* [Action item]
In the data below, find every line with the string "also" and pull it out.

The data Block Start

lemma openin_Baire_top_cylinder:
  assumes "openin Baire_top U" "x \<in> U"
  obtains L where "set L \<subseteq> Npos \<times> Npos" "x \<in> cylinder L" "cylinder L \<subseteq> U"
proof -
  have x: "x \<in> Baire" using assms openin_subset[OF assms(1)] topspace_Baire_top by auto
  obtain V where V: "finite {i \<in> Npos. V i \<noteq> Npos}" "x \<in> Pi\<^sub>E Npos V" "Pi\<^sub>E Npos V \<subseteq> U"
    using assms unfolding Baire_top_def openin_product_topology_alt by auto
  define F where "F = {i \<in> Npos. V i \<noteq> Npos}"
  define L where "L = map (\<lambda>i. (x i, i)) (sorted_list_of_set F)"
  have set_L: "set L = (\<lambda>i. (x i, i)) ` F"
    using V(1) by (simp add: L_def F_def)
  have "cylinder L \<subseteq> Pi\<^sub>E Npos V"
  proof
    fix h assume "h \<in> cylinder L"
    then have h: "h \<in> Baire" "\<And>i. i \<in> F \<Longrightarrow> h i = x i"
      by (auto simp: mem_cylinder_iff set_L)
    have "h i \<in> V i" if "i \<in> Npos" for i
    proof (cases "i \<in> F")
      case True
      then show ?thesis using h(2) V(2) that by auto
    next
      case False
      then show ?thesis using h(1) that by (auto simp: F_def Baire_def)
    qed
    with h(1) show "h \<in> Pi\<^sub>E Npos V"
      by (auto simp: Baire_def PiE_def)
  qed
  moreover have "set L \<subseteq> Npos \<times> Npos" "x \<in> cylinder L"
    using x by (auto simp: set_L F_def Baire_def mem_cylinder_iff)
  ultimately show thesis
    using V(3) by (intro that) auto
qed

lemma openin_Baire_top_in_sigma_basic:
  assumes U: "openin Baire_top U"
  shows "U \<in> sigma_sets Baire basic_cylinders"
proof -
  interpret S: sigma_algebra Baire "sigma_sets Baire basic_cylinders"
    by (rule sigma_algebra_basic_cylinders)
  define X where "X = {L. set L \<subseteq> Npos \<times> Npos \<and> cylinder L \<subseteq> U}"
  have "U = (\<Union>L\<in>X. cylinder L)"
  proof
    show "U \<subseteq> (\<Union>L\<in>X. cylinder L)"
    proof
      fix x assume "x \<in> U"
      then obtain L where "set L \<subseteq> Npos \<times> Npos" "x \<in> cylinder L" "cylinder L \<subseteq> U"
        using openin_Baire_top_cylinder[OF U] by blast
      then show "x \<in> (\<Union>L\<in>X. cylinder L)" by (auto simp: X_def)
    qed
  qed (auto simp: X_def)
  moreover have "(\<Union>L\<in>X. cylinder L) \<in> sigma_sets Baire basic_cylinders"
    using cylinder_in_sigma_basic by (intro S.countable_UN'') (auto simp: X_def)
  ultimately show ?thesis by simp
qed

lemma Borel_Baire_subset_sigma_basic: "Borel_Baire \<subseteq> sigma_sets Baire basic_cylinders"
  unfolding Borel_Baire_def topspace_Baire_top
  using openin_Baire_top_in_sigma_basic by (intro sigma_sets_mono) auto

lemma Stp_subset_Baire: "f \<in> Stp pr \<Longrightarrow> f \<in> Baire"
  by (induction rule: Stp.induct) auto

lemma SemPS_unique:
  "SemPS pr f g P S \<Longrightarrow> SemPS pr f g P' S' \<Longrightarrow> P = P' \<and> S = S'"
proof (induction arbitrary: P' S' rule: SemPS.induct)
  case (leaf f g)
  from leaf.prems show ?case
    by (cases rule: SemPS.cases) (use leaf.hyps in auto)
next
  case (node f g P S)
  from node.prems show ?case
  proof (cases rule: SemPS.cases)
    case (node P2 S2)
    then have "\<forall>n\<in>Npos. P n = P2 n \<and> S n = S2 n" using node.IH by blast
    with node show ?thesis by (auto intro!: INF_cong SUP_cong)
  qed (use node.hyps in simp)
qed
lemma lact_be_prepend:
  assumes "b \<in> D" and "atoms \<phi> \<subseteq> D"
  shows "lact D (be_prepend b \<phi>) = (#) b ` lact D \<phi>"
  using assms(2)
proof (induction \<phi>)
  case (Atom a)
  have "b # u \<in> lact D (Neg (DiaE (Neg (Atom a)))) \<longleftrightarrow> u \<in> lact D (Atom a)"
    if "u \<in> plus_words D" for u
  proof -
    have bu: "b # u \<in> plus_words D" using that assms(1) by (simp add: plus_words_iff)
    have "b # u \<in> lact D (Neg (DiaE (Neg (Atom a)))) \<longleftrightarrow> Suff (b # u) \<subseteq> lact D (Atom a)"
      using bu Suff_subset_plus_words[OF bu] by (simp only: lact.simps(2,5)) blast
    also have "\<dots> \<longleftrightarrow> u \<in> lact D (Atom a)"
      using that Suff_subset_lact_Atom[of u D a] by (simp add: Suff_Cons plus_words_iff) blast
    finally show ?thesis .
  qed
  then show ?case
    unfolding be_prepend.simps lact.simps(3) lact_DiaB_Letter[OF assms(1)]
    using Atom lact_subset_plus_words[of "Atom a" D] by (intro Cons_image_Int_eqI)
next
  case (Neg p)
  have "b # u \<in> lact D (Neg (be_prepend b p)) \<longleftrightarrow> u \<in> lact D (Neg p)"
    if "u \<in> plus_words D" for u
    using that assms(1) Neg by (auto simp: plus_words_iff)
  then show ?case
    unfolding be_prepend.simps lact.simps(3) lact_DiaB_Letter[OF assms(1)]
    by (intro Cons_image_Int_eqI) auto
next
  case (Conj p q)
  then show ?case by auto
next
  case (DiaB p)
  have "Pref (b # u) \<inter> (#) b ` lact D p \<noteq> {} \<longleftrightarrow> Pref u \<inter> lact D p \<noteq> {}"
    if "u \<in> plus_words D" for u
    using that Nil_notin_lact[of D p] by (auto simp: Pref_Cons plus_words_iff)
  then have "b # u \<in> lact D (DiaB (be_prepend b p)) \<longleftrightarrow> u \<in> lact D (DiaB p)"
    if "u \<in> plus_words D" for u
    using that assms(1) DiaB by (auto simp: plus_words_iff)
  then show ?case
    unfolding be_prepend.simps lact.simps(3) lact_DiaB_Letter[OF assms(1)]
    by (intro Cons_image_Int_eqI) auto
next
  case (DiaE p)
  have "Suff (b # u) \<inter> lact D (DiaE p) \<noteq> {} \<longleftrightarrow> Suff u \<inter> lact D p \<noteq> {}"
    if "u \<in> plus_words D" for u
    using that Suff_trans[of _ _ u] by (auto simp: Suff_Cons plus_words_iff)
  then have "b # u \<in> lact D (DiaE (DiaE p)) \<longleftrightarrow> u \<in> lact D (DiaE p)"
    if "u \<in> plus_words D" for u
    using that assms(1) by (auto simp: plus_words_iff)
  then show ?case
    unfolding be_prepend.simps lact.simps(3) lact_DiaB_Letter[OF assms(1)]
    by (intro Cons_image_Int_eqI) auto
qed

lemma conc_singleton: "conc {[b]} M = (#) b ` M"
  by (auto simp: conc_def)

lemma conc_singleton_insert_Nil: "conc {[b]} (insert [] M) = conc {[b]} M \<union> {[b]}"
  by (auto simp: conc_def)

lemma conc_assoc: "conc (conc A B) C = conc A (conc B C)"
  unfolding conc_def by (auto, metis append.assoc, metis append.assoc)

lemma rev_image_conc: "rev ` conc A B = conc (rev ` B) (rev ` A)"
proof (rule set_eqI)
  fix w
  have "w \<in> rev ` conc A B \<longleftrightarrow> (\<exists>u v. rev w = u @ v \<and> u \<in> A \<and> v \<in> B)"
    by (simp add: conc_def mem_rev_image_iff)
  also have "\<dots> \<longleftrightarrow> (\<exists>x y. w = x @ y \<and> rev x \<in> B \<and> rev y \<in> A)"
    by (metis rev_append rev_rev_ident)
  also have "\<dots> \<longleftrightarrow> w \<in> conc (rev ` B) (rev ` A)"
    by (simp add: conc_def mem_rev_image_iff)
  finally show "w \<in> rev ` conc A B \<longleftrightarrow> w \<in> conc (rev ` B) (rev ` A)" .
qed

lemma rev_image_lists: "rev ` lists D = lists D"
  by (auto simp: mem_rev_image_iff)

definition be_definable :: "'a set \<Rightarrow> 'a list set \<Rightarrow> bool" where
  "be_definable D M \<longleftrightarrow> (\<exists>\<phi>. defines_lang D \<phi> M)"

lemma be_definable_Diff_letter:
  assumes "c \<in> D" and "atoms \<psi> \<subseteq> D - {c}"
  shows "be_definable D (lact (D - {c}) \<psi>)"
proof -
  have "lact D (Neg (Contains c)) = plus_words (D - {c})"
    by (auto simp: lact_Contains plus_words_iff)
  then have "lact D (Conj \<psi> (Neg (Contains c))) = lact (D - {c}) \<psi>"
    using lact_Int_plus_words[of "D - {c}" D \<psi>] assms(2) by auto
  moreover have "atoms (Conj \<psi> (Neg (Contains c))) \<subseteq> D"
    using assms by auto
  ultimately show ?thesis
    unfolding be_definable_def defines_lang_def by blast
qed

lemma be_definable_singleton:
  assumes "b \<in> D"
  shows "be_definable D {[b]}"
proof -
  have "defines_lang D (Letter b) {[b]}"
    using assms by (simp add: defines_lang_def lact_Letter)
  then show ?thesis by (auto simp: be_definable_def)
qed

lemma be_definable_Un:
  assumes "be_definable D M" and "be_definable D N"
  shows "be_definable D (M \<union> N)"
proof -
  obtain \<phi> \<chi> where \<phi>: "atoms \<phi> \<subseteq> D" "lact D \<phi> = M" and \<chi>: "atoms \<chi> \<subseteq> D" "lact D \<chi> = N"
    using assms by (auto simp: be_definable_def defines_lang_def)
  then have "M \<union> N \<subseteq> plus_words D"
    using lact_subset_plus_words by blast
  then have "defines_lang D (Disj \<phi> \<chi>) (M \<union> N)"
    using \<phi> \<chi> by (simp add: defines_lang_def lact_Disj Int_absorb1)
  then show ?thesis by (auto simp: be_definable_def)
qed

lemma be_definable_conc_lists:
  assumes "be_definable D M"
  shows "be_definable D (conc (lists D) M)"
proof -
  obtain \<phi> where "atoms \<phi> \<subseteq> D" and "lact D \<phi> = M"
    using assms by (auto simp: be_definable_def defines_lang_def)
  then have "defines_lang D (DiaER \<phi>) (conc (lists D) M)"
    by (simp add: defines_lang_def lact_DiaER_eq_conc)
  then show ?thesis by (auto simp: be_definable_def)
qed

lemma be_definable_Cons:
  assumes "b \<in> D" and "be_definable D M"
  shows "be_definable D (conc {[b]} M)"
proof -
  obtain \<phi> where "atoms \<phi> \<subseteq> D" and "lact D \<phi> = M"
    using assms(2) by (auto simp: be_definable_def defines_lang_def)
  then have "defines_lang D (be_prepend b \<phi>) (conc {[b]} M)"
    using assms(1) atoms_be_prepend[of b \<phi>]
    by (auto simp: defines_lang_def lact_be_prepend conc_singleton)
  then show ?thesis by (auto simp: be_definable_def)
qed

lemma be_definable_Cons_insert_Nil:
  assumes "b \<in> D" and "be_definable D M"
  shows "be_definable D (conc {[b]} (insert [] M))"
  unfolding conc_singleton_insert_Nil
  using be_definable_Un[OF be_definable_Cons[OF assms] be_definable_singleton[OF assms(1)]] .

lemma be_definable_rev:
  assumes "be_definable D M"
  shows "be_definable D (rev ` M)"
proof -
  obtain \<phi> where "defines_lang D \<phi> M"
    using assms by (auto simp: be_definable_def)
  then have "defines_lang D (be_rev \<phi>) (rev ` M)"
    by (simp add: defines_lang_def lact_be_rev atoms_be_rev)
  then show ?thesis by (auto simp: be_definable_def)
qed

The data Block End

* [Your solution]
    also have "\<dots> \<longleftrightarrow> u \<in> lact D (Atom a)"
  also have "\<dots> \<longleftrightarrow> (\<exists>x y. w = x @ y \<and> rev x \<in> B \<and> rev y \<in> A)"
  also have "\<dots> \<longleftrightarrow> w \<in> conc (rev ` B) (rev ` A)"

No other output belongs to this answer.